Required action: Once the line containing "V l \<longleftrightarrow>" has been written out, stop; until then, restate each line of the entries below word for word from the first.

Material provided:
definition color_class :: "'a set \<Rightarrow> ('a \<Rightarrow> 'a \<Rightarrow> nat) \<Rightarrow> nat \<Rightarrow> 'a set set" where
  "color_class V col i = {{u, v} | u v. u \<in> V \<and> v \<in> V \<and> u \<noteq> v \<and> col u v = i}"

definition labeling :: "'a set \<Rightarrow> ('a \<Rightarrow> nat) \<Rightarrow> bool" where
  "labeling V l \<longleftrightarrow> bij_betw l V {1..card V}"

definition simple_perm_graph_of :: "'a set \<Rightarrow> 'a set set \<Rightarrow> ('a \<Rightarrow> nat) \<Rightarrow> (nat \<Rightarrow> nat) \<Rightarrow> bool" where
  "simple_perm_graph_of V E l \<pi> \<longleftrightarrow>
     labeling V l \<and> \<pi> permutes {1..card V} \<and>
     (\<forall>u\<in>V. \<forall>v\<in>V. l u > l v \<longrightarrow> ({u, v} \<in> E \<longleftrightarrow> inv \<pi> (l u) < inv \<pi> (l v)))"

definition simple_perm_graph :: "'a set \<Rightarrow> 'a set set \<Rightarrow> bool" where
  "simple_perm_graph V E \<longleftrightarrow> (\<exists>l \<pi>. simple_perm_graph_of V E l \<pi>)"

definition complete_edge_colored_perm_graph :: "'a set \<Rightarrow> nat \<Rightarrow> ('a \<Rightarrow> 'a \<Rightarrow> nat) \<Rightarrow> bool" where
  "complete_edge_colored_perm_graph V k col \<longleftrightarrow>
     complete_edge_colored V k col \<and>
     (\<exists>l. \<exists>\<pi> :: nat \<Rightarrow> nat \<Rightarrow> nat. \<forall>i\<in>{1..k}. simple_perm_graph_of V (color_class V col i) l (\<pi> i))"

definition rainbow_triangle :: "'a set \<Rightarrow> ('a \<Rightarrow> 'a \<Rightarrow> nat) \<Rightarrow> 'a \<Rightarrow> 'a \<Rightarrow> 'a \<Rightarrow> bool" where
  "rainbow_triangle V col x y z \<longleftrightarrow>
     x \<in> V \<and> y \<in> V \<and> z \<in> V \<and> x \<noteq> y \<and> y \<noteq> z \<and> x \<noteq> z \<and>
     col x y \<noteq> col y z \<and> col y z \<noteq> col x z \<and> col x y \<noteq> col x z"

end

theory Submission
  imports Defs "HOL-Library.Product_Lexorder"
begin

Response area:
definition color_class :: "'a set \<Rightarrow> ('a \<Rightarrow> 'a \<Rightarrow> nat) \<Rightarrow> nat \<Rightarrow> 'a set set" where
  "color_class V col i = {{u, v} | u v. u \<in> V \<and> v \<in> V \<and> u \<noteq> v \<and> col u v = i}"

definition labeling :: "'a set \<Rightarrow> ('a \<Rightarrow> nat) \<Rightarrow> bool" where
  "labeling V l \<longleftrightarrow> bij_betw l V {1..card V}"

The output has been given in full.